EXERCISE DESCRIPTION - Could you copy each line of the entries that contains "exps"?
== Segment start ==
(* Let $P\in N_1$ be a sum of $4$ monomials, not necessarily distinct (i.e. $P(1)=4$). Then $P$ has unique factorisation inside $N_1$: any two factorisations of $P$ into irreducible elements of $N_1$ coincide up to the order of the factors.
   Context: $N_1=\mathbb{Z}_{\ge0}[X]$ is the semiring of univariate polynomials with nonnegative integer coefficients. An element $Q\neq0,1$ of $N_1$ is irreducible if in every factorisation $Q=ST$ with $S,T\in N_1$ one of $S,T$ is $1$. *)

theory Defs
  imports "HOL-Computational_Algebra.Polynomial" "HOL-Library.Multiset"
begin

text \<open>N_1 = Z_{\<ge>0}[X] is modelled by the type nat poly.
 Irreducibility exactly as in the paper: Q \<noteq> 0, Q \<noteq> 1, and in every
 factorisation Q = S T inside N_1 one of S, T is 1.\<close>

definition irreducible_N1 :: "nat poly \<Rightarrow> bool" where
  "irreducible_N1 Q \<longleftrightarrow> Q \<noteq> 0 \<and> Q \<noteq> 1 \<and> (\<forall>S T. Q = S * T \<longrightarrow> S = 1 \<or> T = 1)"

end

theory Submission
  imports Defs
begin

text \<open>Evaluation at 1 is a semiring homomorphism to \<open>\<nat>\<close>, and \<open>P(1) + deg P\<close> drops under
  proper factorisation, which gives existence. For uniqueness, \<open>X\<close> is the only irreducible with
  vanishing constant term and powers of \<open>X\<close> cancel, so it suffices to compare the \<open>X\<close>-free parts.
  Every other irreducible has value at least 2 at 1, so an \<open>X\<close>-free factorisation of a polynomial
  of value 4 is either a single irreducible or a product of two polynomials of value 2, i.e. of two
  binomials \<open>1 + X\<^sup>a\<close>, \<open>1 + X\<^sup>b\<close>; the latter product is not irreducible, and its exponents
  \<open>{0, a, b, a + b}\<close> determine \<open>{a, b}\<close>.\<close>

lemma poly_one_eq_0_iff: "poly (p :: nat poly) 1 = 0 \<longleftrightarrow> p = 0"
  by (induction p rule: pCons_induct) auto

lemma poly_one_eq_1_imp_monom: "poly (p :: nat poly) 1 = 1 \<Longrightarrow> \<exists>k. p = monom 1 k"
proof (induction p rule: pCons_induct)
  case (pCons a q)
  then have sum: "a + poly q 1 = 1" by simp
  show ?case
  proof (cases "a = 0")
    case True
    with pCons sum obtain k where "q = monom 1 k" by auto
    with True have "pCons a q = monom 1 (Suc k)" by (simp add: monom_Suc)
    then show ?thesis ..
  next
    case False
    with sum have "a = 1" "poly q 1 = 0" by arith+
    then have "a = 1" "q = 0" by (simp_all only: poly_one_eq_0_iff)
    then have "pCons a q = monom 1 0" by (simp add: monom_0)
    then show ?thesis ..
  qed
qed simp

lemma poly_one_eq_1_imp_eq_1:
  assumes "poly (p :: nat poly) 1 = 1" "coeff p 0 \<noteq> 0"
  shows "p = 1"
proof -
  obtain k where k: "p = monom 1 k" using poly_one_eq_1_imp_monom assms(1) by blast
  with assms(2) have "k = 0" by (auto simp: coeff_monom split: if_splits)
  with k show ?thesis by (simp del: One_nat_def)
qed

lemma poly_one_eq_2_imp_binomial:
  assumes "poly (p :: nat poly) 1 = 2" "coeff p 0 \<noteq> 0"
  shows "\<exists>n. p = 1 + monom 1 n"
proof -
  obtain c q where p: "p = pCons c q" by (cases p)
  with assms have "c + poly q 1 = 2" and "c \<noteq> 0" by auto
  then consider "c = 1" "poly q 1 = 1" | "c = 2" "poly q 1 = 0" by arith
  then show ?thesis
  proof cases
    case 1
    then obtain k where "q = monom 1 k" using poly_one_eq_1_imp_monom by blast
    with p 1 have "p = 1 + monom 1 (Suc k)" by (simp add: monom_Suc one_pCons)
    then show ?thesis ..
  next
    case 2
    then have "q = 0" by (simp only: poly_one_eq_0_iff)
    with p 2 have "p = 1 + monom 1 0" by (simp add: monom_0 one_pCons)
    then show ?thesis ..
  qed
qed

lemma poly_one_degree_less_mult:
  fixes S T :: "nat poly"
  assumes "S * T \<noteq> 0" "T \<noteq> 1"
  shows "poly S 1 + degree S < poly (S * T) 1 + degree (S * T)"
proof -
  have "S \<noteq> 0" "T \<noteq> 0" using assms(1) by auto
  then have deg: "degree (S * T) = degree S + degree T" and "poly S 1 \<noteq> 0" "poly T 1 \<noteq> 0"
    by (simp_all only: degree_mult_eq poly_one_eq_0_iff not_False_eq_True)
  show ?thesis
  proof (cases "poly T 1 = 1")
    case True
    then obtain k where T: "T = monom 1 k" using poly_one_eq_1_imp_monom by blast
    with assms(2) have "k \<noteq> 0" by (metis monom_eq_1)
    with T True deg show ?thesis by (simp add: degree_monom_eq)
  next
    case False
    with \<open>poly T 1 \<noteq> 0\<close> \<open>poly S 1 \<noteq> 0\<close> have "poly S 1 < poly S 1 * poly T 1" by simp
    with deg show ?thesis by (simp only: poly_mult)
  qed
qed

lemma irreducible_N1_factorisation_exists:
  fixes p :: "nat poly"
  assumes "p \<noteq> 0"
  shows "\<exists>A. (\<forall>q\<in>#A. irreducible_N1 q) \<and> prod_mset A = p"
  using assms
proof (induction p rule: measure_induct_rule[of "\<lambda>p. poly p 1 + degree p"])
  case (less p)
  consider "p = 1" | "irreducible_N1 p" | S T where "p = S * T" "S \<noteq> 1" "T \<noteq> 1"
    using less.prems unfolding irreducible_N1_def by blast
  then show ?case
  proof cases
    case 1
    then show ?thesis by (intro exI[of _ "{#}"]) simp
  next
    case 2
    then show ?thesis by (intro exI[of _ "{#p#}"]) simp
  next
    case (3 S T)
    with less.prems have "S \<noteq> 0" "T \<noteq> 0" by auto
    moreover have "poly S 1 + degree S < poly p 1 + degree p" "poly T 1 + degree T < poly p 1 + degree p"
      using poly_one_degree_less_mult[of S T] poly_one_degree_less_mult[of T S] 3 less.prems
      by (simp_all add: mult.commute)
    ultimately obtain AS AT where "\<forall>q\<in>#AS. irreducible_N1 q" "prod_mset AS = S"
      "\<forall>q\<in>#AT. irreducible_N1 q" "prod_mset AT = T"
      using less.IH by meson
    with 3 show ?thesis by (intro exI[of _ "AS + AT"]) auto
  qed
qed

lemma pCons_0_eq_X_mult: "pCons 0 q = monom (1 :: nat) 1 * q"
  using smult_1_left[of q] by (simp add: monom_Suc monom_0)

lemma irreducible_N1_coeff_0_eq_0:
  assumes "irreducible_N1 q" "coeff q 0 = 0"
  shows "q = monom 1 1"
proof -
  obtain c r where "q = pCons c r" by (cases q)
  with assms(2) have "q = monom 1 1 * r" by (simp add: pCons_0_eq_X_mult)
  moreover have "monom (1 :: nat) 1 \<noteq> 1" by (simp add: monom_eq_1_iff)
  ultimately show ?thesis using assms(1) unfolding irreducible_N1_def by fastforce
qed

lemma irreducible_N1_poly_one_ge_2:
  assumes "irreducible_N1 q" "coeff q 0 \<noteq> 0"
  shows "2 \<le> poly q 1"
proof -
  from assms(1) have "q \<noteq> 0" "q \<noteq> 1" unfolding irreducible_N1_def by auto
  with assms(2) have "poly q 1 \<noteq> 0" "poly q 1 \<noteq> 1"
    using poly_one_eq_0_iff poly_one_eq_1_imp_eq_1 by blast+
  then show ?thesis by linarith
qed

lemma irreducible_N1_mult_not_irreducible:
  assumes "irreducible_N1 S" "irreducible_N1 T"
  shows "\<not> irreducible_N1 (S * T)"
  using assms unfolding irreducible_N1_def by blast

lemma coeff_0_prod_mset_neq_0:
  assumes "\<forall>q\<in>#A. coeff q 0 \<noteq> (0 :: nat)"
  shows "coeff (prod_mset A) 0 \<noteq> 0"
  using assms by (induction A) (auto simp: coeff_mult_0)

lemma monom_mult_cancel:
  fixes R R' :: "nat poly"
  assumes eq: "monom 1 m * R = monom 1 m' * R'" and "coeff R 0 \<noteq> 0" "coeff R' 0 \<noteq> 0"
  shows "m = m'" "R = R'"
proof -
  have coeffs: "coeff (monom 1 m * R) k = coeff (monom 1 m' * R') k" for k
    using eq by simp
  show "m = m'"
  proof (rule ccontr)
    assume "m \<noteq> m'"
    then consider "m < m'" | "m' < m" by linarith
    then show False
      by cases (use coeffs[of m] coeffs[of m'] assms(2,3) in \<open>simp_all add: coeff_monom_mult\<close>)
  qed
  show "R = R'"
  proof (rule poly_eqI)
    show "coeff R k = coeff R' k" for k
      using coeffs[of "k + m"] \<open>m = m'\<close> by (simp add: coeff_monom_mult)
  qed
qed

lemma prod_mset_ge_2_eq_4:
  fixes M :: "nat multiset"
  assumes ge: "\<forall>x\<in>#M. 2 \<le> x" and prod: "prod_mset M = 4"
  shows "M = {#4#} \<or> M = {#2, 2#}"
proof -
  have "2 ^ size M \<le> prod_mset M"
    using ge by (induction M) (auto intro: mult_mono)
  have "size M < 3"
  proof (rule ccontr)
    assume "\<not> size M < 3"
    then have "(2 :: nat) ^ 3 \<le> 2 ^ size M" by (intro power_increasing) auto
    with \<open>2 ^ size M \<le> prod_mset M\<close> prod show False by simp
  qed
  then consider "size M = 0" | "size M = 1" | "size M = 2" by linarith
  then show ?thesis
  proof cases
    case 1
    with prod show ?thesis by simp
  next
    case 2
    with prod show ?thesis using size_1_singleton_mset by fastforce
  next
    case 3
    then obtain x N where "M = add_mset x N" "size N = 1"
      using size_eq_Suc_imp_eq_union[of M 1] by auto
    then obtain y where M: "M = {#x, y#}" using size_1_singleton_mset by blast
    with ge prod have "x * y = 4" "2 \<le> x" "2 \<le> y" by auto
    then have "2 * y \<le> 4" "x * 2 \<le> 4" by (metis mult_le_mono1 mult_le_mono2)+
    with \<open>2 \<le> x\<close> \<open>2 \<le> y\<close> have "x = 2" "y = 2" by linarith+
    with M show ?thesis by simp
  qed
qed

lemma binomial_mult_eq:
  "(1 + monom (1 :: nat) a) * (1 + monom 1 b) = 1 + monom 1 a + monom 1 b + monom 1 (a + b)"
  using smult_1_left by (simp add: algebra_simps mult_monom)

lemma binomial_mult_eq_imp_mset_eq:
  assumes "(1 + monom (1 :: nat) a) * (1 + monom 1 b) = (1 + monom 1 c) * (1 + monom 1 d)"
  shows "{#a, b#} = {#c, d#}"
proof -
  have coeff_eq: "coeff ((1 + monom (1 :: nat) x) * (1 + monom 1 y)) n = count {#0, x, y, x + y#} n"
    for x y n
    unfolding binomial_mult_eq by (simp add: coeff_monom)
  have "{#0, a, b, a + b#} = {#0, c, d, c + d#}"
    by (rule multiset_eqI) (simp only: coeff_eq[symmetric] assms)
  then have exps: "{#a, b, a + b#} = {#c, d, c + d#}" by simp
  then have "sum_mset {#a, b, a + b#} = sum_mset {#c, d, c + d#}" by simp
  then have "a + b = c + d" by simp
  with exps show ?thesis by (simp add: add_mset_commute)
qed

lemma irreducible_N1_factors_poly_one_eq_4:
  assumes irr: "\<forall>q\<in>#A. irreducible_N1 q \<and> coeff q 0 \<noteq> 0" and four: "poly (prod_mset A) 1 = 4"
  shows "(\<exists>r. A = {#r#}) \<or> (\<exists>a b. A = {#1 + monom 1 a, 1 + monom 1 b#})"
proof -
  let ?V = "image_mset (\<lambda>q. poly q 1) A"
  have "\<forall>x\<in>#?V. 2 \<le> x" using irr irreducible_N1_poly_one_ge_2 by auto
  moreover have "prod_mset ?V = 4" using four poly_prod_mset[of "\<lambda>q. q" A 1] by simp
  ultimately consider "?V = {#4#}" | "?V = {#2, 2#}" using prod_mset_ge_2_eq_4 by blast
  then show ?thesis
  proof cases
    case 1
    then show ?thesis by (auto dest!: msed_map_invR)
  next
    case 2
    then obtain s t where A: "A = {#s, t#}" and "poly s 1 = 2" "poly t 1 = 2"
      by (auto dest!: msed_map_invR)
    moreover have "coeff s 0 \<noteq> 0" "coeff t 0 \<noteq> 0" using irr A by auto
    ultimately obtain a b where "s = 1 + monom 1 a" "t = 1 + monom 1 b"
      using poly_one_eq_2_imp_binomial by meson
    with A show ?thesis by blast
  qed
qed

lemma irreducible_N1_factorisation_unique_coeff_0:
  assumes A: "\<forall>q\<in>#A. irreducible_N1 q \<and> coeff q 0 \<noteq> 0" and B: "\<forall>q\<in>#B. irreducible_N1 q \<and> coeff q 0 \<noteq> 0"
    and eq: "prod_mset A = prod_mset B" and four: "poly (prod_mset A) 1 = 4"
  shows "A = B"
  using irreducible_N1_factors_poly_one_eq_4[OF A four]
    irreducible_N1_factors_poly_one_eq_4[OF B four[unfolded eq]]
proof (elim disjE exE)
  fix r r' assume "A = {#r#}" "B = {#r'#}"
  with eq show ?thesis by simp
next
  fix r a b assume r: "A = {#r#}" and ab: "B = {#1 + monom 1 a, 1 + monom 1 b#}"
  with A B have "irreducible_N1 r" "irreducible_N1 (1 + monom 1 a)" "irreducible_N1 (1 + monom 1 b)"
    by simp_all
  moreover from eq r ab have "r = (1 + monom 1 a) * (1 + monom 1 b)" by simp
  ultimately show ?thesis using irreducible_N1_mult_not_irreducible by blast
next
  fix r a b assume ab: "A = {#1 + monom 1 a, 1 + monom 1 b#}" and r: "B = {#r#}"
  with A B have "irreducible_N1 r" "irreducible_N1 (1 + monom 1 a)" "irreducible_N1 (1 + monom 1 b)"
    by simp_all
  moreover from eq r ab have "r = (1 + monom 1 a) * (1 + monom 1 b)" by simp
  ultimately show ?thesis using irreducible_N1_mult_not_irreducible by blast
next
  fix a b c d assume A: "A = {#1 + monom 1 a, 1 + monom 1 b#}" and B: "B = {#1 + monom 1 c, 1 + monom 1 d#}"
  with eq have "{#a, b#} = {#c, d#}" by (intro binomial_mult_eq_imp_mset_eq) simp
  moreover have "A = image_mset (\<lambda>n. 1 + monom 1 n) {#a, b#}" "B = image_mset (\<lambda>n. 1 + monom 1 n) {#c, d#}"
    using A B by simp_all
  ultimately show ?thesis by simp
qed

lemma irreducible_N1_factorisation_split_X:
  fixes A :: "nat poly multiset"
  assumes "\<forall>q\<in>#A. irreducible_N1 q"
  shows "A = replicate_mset (count A (monom 1 1)) (monom 1 1) + {#q \<in># A. q \<noteq> monom 1 1#}"
    and "prod_mset A = monom 1 (count A (monom 1 1)) * prod_mset {#q \<in># A. q \<noteq> monom 1 1#}"
    and "\<forall>q\<in>#{#q \<in># A. q \<noteq> monom 1 1#}. irreducible_N1 q \<and> coeff q 0 \<noteq> 0"
proof -
  show split: "A = replicate_mset (count A (monom 1 1)) (monom 1 1) + {#q \<in># A. q \<noteq> monom 1 1#}"
    using multiset_partition[where M = A and P = "\<lambda>q. q = monom 1 1"]
    unfolding filter_eq_replicate_mset .
  show "prod_mset A = monom 1 (count A (monom 1 1)) * prod_mset {#q \<in># A. q \<noteq> monom 1 1#}"
    by (subst split) (simp add: monom_power)
  show "\<forall>q\<in>#{#q \<in># A. q \<noteq> monom 1 1#}. irreducible_N1 q \<and> coeff q 0 \<noteq> 0"
    using assms irreducible_N1_coeff_0_eq_0 by auto
qed

theorem mainTheorem8:
  fixes P :: "nat poly"
  assumes "poly P 1 = 4"
  shows "(\<exists>A :: nat poly multiset. (\<forall>q\<in>#A. irreducible_N1 q) \<and> prod_mset A = P) \<and>
         (\<forall>A B :: nat poly multiset.
            (\<forall>q\<in>#A. irreducible_N1 q) \<longrightarrow> (\<forall>q\<in>#B. irreducible_N1 q) \<longrightarrow>
            prod_mset A = P \<longrightarrow> prod_mset B = P \<longrightarrow> A = B)"
proof (intro conjI allI impI)
  from assms have "P \<noteq> 0" by auto
  then show "\<exists>A. (\<forall>q\<in>#A. irreducible_N1 q) \<and> prod_mset A = P"
    by (rule irreducible_N1_factorisation_exists)
next
  fix A B :: "nat poly multiset"
  assume irr: "\<forall>q\<in>#A. irreducible_N1 q" "\<forall>q\<in>#B. irreducible_N1 q"
    and prod: "prod_mset A = P" "prod_mset B = P"
  define X :: "nat poly" where "X = monom 1 1"
  define A' B' where "A' = {#q \<in># A. q \<noteq> X#}" and "B' = {#q \<in># B. q \<noteq> X#}"
  note split_A = irreducible_N1_factorisation_split_X[OF irr(1), folded X_def, folded A'_def]
  note split_B = irreducible_N1_factorisation_split_X[OF irr(2), folded X_def, folded B'_def]
  have coeff_A': "coeff (prod_mset A') 0 \<noteq> 0" and coeff_B': "coeff (prod_mset B') 0 \<noteq> 0"
    using split_A(3) split_B(3) by (meson coeff_0_prod_mset_neq_0)+
  have "monom 1 (count A X) * prod_mset A' = monom 1 (count B X) * prod_mset B'"
    using split_A(2) split_B(2) prod by simp
  note cancel = monom_mult_cancel[OF this coeff_A' coeff_B']
  have "poly (prod_mset A') 1 = 4"
    using assms unfolding prod(1)[symmetric] split_A(2) by (simp add: poly_monom)
  with split_A(3) split_B(3) cancel(2) have "A' = B'"
    by (rule irreducible_N1_factorisation_unique_coeff_0)
  have "A = replicate_mset (count A X) X + A'" by (rule split_A(1))
  also have "\<dots> = replicate_mset (count B X) X + B'" by (simp only: cancel(1) \<open>A' = B'\<close>)
  also have "\<dots> = B" by (rule split_B(1)[symmetric])
  finally show "A = B" .
qed

end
== Segment end ==
TASK ANSWER -
  then have exps: "{#a, b, a + b#} = {#c, d, c + d#}" by simp
  with exps show ?thesis by (simp add: add_mset_commute)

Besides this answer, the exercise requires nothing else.